Take the lines below between the one holding "G = mdf Q \<and>" and the one holding "using no_edge[OF that(2,1)]", inclusive, and copy them exactly. Add nothing.

*** Materials provided ***

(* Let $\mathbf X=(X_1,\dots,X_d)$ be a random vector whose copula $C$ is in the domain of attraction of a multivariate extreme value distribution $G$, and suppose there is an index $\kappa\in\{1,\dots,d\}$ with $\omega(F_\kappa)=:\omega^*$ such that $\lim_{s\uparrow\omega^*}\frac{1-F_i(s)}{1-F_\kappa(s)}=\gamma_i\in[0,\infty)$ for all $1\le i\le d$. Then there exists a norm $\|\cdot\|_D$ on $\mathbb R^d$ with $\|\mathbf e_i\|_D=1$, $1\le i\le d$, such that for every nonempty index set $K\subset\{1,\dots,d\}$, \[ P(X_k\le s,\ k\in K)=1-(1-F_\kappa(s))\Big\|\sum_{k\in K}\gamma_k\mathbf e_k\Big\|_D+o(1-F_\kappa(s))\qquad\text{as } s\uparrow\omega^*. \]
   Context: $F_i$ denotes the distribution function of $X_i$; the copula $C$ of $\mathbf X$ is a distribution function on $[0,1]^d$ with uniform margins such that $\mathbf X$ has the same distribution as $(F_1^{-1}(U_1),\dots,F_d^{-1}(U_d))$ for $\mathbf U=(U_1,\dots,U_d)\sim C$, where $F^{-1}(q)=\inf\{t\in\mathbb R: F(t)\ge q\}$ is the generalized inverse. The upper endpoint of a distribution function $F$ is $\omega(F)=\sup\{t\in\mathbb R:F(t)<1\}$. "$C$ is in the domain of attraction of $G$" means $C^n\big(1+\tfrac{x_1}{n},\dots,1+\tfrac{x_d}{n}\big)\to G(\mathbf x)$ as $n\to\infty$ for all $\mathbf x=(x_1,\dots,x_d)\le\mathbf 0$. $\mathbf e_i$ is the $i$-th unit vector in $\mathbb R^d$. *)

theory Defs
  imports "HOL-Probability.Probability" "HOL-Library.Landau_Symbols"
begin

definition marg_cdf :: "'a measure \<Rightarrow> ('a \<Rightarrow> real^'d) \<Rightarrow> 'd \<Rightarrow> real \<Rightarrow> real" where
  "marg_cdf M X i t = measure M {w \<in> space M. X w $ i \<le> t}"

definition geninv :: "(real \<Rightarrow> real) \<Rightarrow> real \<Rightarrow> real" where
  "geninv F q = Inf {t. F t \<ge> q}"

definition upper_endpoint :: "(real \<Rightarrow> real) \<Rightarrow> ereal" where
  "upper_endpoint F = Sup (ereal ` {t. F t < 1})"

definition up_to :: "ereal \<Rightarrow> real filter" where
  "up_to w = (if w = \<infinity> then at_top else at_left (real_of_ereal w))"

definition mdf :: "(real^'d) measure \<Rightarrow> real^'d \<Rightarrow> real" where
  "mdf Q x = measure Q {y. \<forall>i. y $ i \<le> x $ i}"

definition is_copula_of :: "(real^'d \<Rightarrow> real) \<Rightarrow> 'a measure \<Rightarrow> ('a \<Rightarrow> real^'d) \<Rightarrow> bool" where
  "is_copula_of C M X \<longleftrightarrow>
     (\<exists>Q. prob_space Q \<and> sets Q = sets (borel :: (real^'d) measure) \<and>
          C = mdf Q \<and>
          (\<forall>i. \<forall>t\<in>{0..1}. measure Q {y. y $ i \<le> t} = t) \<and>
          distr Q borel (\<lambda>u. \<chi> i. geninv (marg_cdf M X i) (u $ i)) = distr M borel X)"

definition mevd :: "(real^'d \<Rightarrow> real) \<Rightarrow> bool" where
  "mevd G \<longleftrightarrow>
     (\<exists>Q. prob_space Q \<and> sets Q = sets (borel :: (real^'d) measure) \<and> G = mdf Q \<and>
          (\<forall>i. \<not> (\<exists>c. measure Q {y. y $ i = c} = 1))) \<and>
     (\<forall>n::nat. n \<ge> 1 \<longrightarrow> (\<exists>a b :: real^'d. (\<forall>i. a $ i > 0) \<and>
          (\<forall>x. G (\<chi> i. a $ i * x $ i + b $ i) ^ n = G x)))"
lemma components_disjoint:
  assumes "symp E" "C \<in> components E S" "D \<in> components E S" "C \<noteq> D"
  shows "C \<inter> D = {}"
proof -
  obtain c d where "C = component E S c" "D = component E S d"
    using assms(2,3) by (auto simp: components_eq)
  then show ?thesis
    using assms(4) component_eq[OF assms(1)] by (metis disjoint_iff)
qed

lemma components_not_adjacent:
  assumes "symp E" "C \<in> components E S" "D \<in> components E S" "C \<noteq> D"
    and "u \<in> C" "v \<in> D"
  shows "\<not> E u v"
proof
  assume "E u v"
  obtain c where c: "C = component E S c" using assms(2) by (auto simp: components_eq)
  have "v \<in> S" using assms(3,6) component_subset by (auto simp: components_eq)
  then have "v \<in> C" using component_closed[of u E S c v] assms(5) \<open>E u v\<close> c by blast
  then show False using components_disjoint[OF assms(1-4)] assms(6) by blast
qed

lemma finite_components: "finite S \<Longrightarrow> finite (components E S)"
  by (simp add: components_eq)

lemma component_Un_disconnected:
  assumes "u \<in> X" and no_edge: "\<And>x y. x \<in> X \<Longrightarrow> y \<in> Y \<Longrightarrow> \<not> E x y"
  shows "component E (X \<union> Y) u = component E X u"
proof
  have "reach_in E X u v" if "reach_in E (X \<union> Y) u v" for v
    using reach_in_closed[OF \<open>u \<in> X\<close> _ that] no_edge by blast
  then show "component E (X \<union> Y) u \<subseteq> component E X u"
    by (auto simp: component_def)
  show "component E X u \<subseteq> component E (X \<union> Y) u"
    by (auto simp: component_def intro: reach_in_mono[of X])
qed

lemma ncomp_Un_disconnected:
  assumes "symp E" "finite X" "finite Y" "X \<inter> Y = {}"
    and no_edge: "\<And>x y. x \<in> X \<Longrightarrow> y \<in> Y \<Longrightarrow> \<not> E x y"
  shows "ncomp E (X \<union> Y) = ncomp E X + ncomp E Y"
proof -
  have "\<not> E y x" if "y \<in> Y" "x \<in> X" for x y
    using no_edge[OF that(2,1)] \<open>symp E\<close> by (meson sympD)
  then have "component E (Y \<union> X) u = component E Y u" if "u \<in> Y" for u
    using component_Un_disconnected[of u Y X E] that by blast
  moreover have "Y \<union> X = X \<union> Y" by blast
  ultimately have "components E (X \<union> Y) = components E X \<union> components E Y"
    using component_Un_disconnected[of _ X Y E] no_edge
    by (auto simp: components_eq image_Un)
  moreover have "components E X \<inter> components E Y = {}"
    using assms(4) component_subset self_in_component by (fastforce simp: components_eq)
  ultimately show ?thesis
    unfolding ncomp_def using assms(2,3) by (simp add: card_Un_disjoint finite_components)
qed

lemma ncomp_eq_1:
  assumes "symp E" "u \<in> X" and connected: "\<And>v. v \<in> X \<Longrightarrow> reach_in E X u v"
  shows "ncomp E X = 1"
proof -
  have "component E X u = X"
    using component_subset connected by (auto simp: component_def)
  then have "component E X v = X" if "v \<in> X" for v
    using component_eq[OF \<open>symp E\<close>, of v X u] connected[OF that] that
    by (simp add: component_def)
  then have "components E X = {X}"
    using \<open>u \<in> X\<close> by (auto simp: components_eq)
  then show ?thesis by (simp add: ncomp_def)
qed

*** End of Materials provided ***
*** Materials provided ***

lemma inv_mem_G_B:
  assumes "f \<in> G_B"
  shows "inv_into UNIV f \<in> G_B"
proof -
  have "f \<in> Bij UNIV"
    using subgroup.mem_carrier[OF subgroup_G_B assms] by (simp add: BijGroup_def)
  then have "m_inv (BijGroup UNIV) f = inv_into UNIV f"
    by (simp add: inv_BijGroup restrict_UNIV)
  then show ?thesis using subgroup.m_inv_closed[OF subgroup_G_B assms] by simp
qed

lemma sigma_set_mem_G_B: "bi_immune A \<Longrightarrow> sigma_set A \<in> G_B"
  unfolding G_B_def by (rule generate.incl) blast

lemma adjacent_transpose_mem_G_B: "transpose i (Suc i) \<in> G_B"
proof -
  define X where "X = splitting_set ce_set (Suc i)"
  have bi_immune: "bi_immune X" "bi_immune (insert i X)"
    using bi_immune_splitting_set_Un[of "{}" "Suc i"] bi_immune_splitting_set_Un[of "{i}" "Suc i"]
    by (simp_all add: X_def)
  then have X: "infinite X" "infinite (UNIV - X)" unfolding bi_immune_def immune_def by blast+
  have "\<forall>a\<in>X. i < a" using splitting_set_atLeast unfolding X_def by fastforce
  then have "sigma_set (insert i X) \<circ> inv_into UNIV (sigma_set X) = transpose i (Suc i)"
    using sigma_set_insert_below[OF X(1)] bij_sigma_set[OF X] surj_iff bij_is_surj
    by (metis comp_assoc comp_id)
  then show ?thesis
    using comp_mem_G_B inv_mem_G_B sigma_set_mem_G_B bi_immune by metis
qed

*** End of Materials provided ***

**Output for this task**
     (\<exists>Q. prob_space Q \<and> sets Q = sets (borel :: (real^'d) measure) \<and> G = mdf Q \<and>
          (\<forall>i. \<not> (\<exists>c. measure Q {y. y $ i = c} = 1))) \<and>
     (\<forall>n::nat. n \<ge> 1 \<longrightarrow> (\<exists>a b :: real^'d. (\<forall>i. a $ i > 0) \<and>
          (\<forall>x. G (\<chi> i. a $ i * x $ i + b $ i) ^ n = G x)))"
lemma components_disjoint:
  assumes "symp E" "C \<in> components E S" "D \<in> components E S" "C \<noteq> D"
  shows "C \<inter> D = {}"
proof -
  obtain c d where "C = component E S c" "D = component E S d"
    using assms(2,3) by (auto simp: components_eq)
  then show ?thesis
    using assms(4) component_eq[OF assms(1)] by (metis disjoint_iff)
qed

lemma components_not_adjacent:
  assumes "symp E" "C \<in> components E S" "D \<in> components E S" "C \<noteq> D"
    and "u \<in> C" "v \<in> D"
  shows "\<not> E u v"
proof
  assume "E u v"
  obtain c where c: "C = component E S c" using assms(2) by (auto simp: components_eq)
  have "v \<in> S" using assms(3,6) component_subset by (auto simp: components_eq)
  then have "v \<in> C" using component_closed[of u E S c v] assms(5) \<open>E u v\<close> c by blast
  then show False using components_disjoint[OF assms(1-4)] assms(6) by blast
qed

lemma finite_components: "finite S \<Longrightarrow> finite (components E S)"
  by (simp add: components_eq)

lemma component_Un_disconnected:
  assumes "u \<in> X" and no_edge: "\<And>x y. x \<in> X \<Longrightarrow> y \<in> Y \<Longrightarrow> \<not> E x y"
  shows "component E (X \<union> Y) u = component E X u"
proof
  have "reach_in E X u v" if "reach_in E (X \<union> Y) u v" for v
    using reach_in_closed[OF \<open>u \<in> X\<close> _ that] no_edge by blast
  then show "component E (X \<union> Y) u \<subseteq> component E X u"
    by (auto simp: component_def)
  show "component E X u \<subseteq> component E (X \<union> Y) u"
    by (auto simp: component_def intro: reach_in_mono[of X])
qed

lemma ncomp_Un_disconnected:
  assumes "symp E" "finite X" "finite Y" "X \<inter> Y = {}"
    and no_edge: "\<And>x y. x \<in> X \<Longrightarrow> y \<in> Y \<Longrightarrow> \<not> E x y"
  shows "ncomp E (X \<union> Y) = ncomp E X + ncomp E Y"
proof -
  have "\<not> E y x" if "y \<in> Y" "x \<in> X" for x y
    using no_edge[OF that(2,1)] \<open>symp E\<close> by (meson sympD)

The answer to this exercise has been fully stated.